Last week I received an email from one of the pastors of the church we attend asking me to bake five loaves of bead for communion. Five loaves seemed overwhelming, so I agreed to two.
I hardly felt worthy to bake bread as I was dealing with anxiety, anger, frustration, loneliness, and confusion as well as forgiveness in the tangled web of my life. I was afraid all of my feelings would transfer to the dough I kneaded and molded.
Baking bread is usually one of the ways I connect with God. I even wrote a day-long retreat called "Praying with Bread."

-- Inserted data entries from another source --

(* Let $U\subset\mathbb R^n$ be open, let $X$ be a $C^\infty$ vector field on $U$ and $V:U\to\mathbb R$ a $C^\infty$ function satisfying assumptions A1, A2 and A3$'$ (stated in the context) for some $c>0$. Then every trajectory of $\dot x = X(x)-\nabla V(x)$ starting in $V^{-1}([0,c])$ stays in $V^{-1}([0,c])$ for all $t\ge0$ and converges to the set $V^{-1}(0)$ as $t\to\infty$. Moreover $V^{-1}(0)$ is an invariant set of both $\dot x=X(x)$ and $\dot x = X(x)-\nabla V(x)$.
   Context: Write $x=(x^1,\dots,x^n)$. Assumptions: (A1) $V(x)\ge0$ for all $x\in U$, $V^{-1}(0)\ne\emptyset$, and $\nabla V(x)\cdot X(x)=0$ for all $x\in U$. (A2) $c>0$ is such that $V^{-1}([0,c])$ is a compact subset of $U$. Define $X^0 g=g$, $Xg = X\cdot\nabla g$, $X^k g = X(X^{k-1}g)$ for $k\ge 2$, and $$S=\Big\{x\in U : X^k\tfrac{\partial V}{\partial x^i}(x)=0 \text{ for all } k\ge0,\ 1\le i\le n\Big\}.$$ (A3$'$) $S\cap V^{-1}([0,c])\subset V^{-1}(0)$. *)

theory Defs
  imports "HOL-Analysis.Analysis"
begin

definition pd :: "'n::finite \<Rightarrow> (real^'n \<Rightarrow> 'b::real_normed_vector) \<Rightarrow> real^'n \<Rightarrow> 'b" where
  "pd i f x = frechet_derivative f (at x) (axis i 1)"

fun Ck_on :: "nat \<Rightarrow> (real^'n::finite) set \<Rightarrow> (real^'n \<Rightarrow> 'b::real_normed_vector) \<Rightarrow> bool" where
  "Ck_on 0 U f = continuous_on U f"
| "Ck_on (Suc k) U f = (f differentiable_on U \<and> (\<forall>i. Ck_on k U (pd i f)))"

definition smooth_on :: "(real^'n::finite) set \<Rightarrow> (real^'n \<Rightarrow> 'b::real_normed_vector) \<Rightarrow> bool" where
  "smooth_on U f = (\<forall>k. Ck_on k U f)"

definition grad :: "(real^'n::finite \<Rightarrow> real) \<Rightarrow> real^'n \<Rightarrow> real^'n" where
  "grad V x = (\<chi> i. pd i V x)"

definition lie :: "(real^'n::finite \<Rightarrow> real^'n) \<Rightarrow> (real^'n \<Rightarrow> real) \<Rightarrow> real^'n \<Rightarrow> real" where
  "lie X g x = X x \<bullet> grad g x"

definition S_set :: "(real^'n::finite) set \<Rightarrow> (real^'n \<Rightarrow> real^'n) \<Rightarrow> (real^'n \<Rightarrow> real) \<Rightarrow> (real^'n) set" where
  "S_set U X V = {x \<in> U. \<forall>k i. ((lie X ^^ k) (pd i V)) x = 0}"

Today, however, I was in a different state of mind. I went through the motions, mechanically, not prayerfully or reverently, gathering and combining numerous ingredients, putting the smooth dough in my favorite brown glass bowl for the first rising. The bowl was the last of a nesting set we received forty-one years ago as a wedding gift. The bowl held hundreds of batches of dough, but today's was the first to become the body of Christ.

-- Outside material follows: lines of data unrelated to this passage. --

(* Let $\pi$ be a finite projective plane of order $q$, and let $A=(\mathcal P,\mathcal L,\mathcal I)$ consist of a set $\mathcal P$ of points of $\pi$ and a set $\mathcal L$ of lines of $\pi$, with the incidence $\mathcal I$ inherited from $\pi$, forming a linear space. Assume there is an integer $n$ with $1<n\le q$ such that no point of $\mathcal P$ is incident with more than $n+1$ lines of $\mathcal L$. Then: (a) if $|\mathcal P|=n^2+n+1$, then either $|\mathcal L|=1$ or $A$ is a subplane of $\pi$; (b) if $|\mathcal P|>n^2+n+1$, then $|\mathcal L|=1$.
   Context: A finite projective plane of order $q$ has $q^2+q+1$ points and lines, $q+1$ points on each line and $q+1$ lines through each point; any two distinct points lie on a unique line and any two lines meet in a unique point. $A$ being a linear space means: any two distinct points of $\mathcal P$ lie on exactly one line of $\mathcal L$, and each line of $\mathcal L$ contains at least two points of $\mathcal P$. A subplane of $\pi$ is a projective plane $(\mathcal P_0,\mathcal L_0,\mathcal I_0)$ with $\mathcal P_0$ a set of points of $\pi$, $\mathcal L_0$ a set of lines of $\pi$, and $\mathcal I_0$ contained in the incidence of $\pi$ (i.e. with inherited incidence, any two points of $\mathcal P_0$ lie on a unique line of $\mathcal L_0$, any two lines of $\mathcal L_0$ meet in a unique point of $\mathcal P_0$, each line of $\mathcal L_0$ has at least three points of $\mathcal P_0$, and there are four points of $\mathcal P_0$ no three on a line of $\mathcal L_0$). *)

theory Defs
  imports Main
begin

definition projective_plane_of_order ::
  "'p set \<Rightarrow> 'l set \<Rightarrow> ('p \<Rightarrow> 'l \<Rightarrow> bool) \<Rightarrow> nat \<Rightarrow> bool" where
  "projective_plane_of_order Pts Lns I q \<longleftrightarrow>
     finite Pts \<and> finite Lns \<and>
     card Pts = q^2 + q + 1 \<and> card Lns = q^2 + q + 1 \<and>
     (\<forall>l\<in>Lns. card {p\<in>Pts. I p l} = q + 1) \<and>
     (\<forall>p\<in>Pts. card {l\<in>Lns. I p l} = q + 1) \<and>
     (\<forall>p\<in>Pts. \<forall>p'\<in>Pts. p \<noteq> p' \<longrightarrow> (\<exists>!l. l \<in> Lns \<and> I p l \<and> I p' l)) \<and>
     (\<forall>l\<in>Lns. \<forall>l'\<in>Lns. l \<noteq> l' \<longrightarrow> (\<exists>!p. p \<in> Pts \<and> I p l \<and> I p l'))"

The dough quickly doubled in size. I took half from the bowl, powdered a handful of flour on the sticky places, molded a circle and placed in a buttered aluminum pan. I repeated the procedure with the remaining dough.
Before placing the pans in the oven, I studied the loaves. In those mounds of flour I saw the yeast of anger, loneliness, anxiety, resentment and other areas of disconnect in my life, along with forgiveness, blended into bread for God's people day morning. Oh my!!
As I slid the two pans in the over, I prayed that all negative feelings would bake out of me and go right to the heart of Jesus, whose body I formed a few moments ago.
I walked into church the next day, leaving my loaves on the kitchen counter for the hostess to prepare. After greeting a few people, I entered the sanctuary, and found a pew close to the front in sight of two oval forms of bread covered with embroidered white cloths resting in the middle of the altar.
I recalled the sugar, flour, yeast and milk that I plucked from noisy grocery shelves days before now transformed into one of the most meaningful aspects of Christian liturgy in a quiet church on Sunday morning.
Then I recalled my prayer the day before as those loaves entered the oven. Sitting in the pew, I examined my heart and realized that even before receiving communion,I felt peace. That negativity had burned away, my feelings now resting in Jesus' heart.
Mike and I assisted the pastors serving communion along the side aisles. I baked the body of Christ, I offered the body of Christ to those who came through my line and I experienced the peace from the body of Christ completely a holy cycle.
As we approach the fourth Sunday of Lent, I can't help thinking of the bread Jesus served on that first Maundy Thursday to the disciples. Who baked the bread Jesus used that night? Maybe the person was someone like me, filled with anxiety, anger, loneliness and other troubling concerns? Maybe they felt that same sense of release and relief from baking the bread. Someone always prepares the bread to offer God's people - I pray each baker always finds release as they pass along, through the body of Christ, a blessing and peace to all who believe. Amen.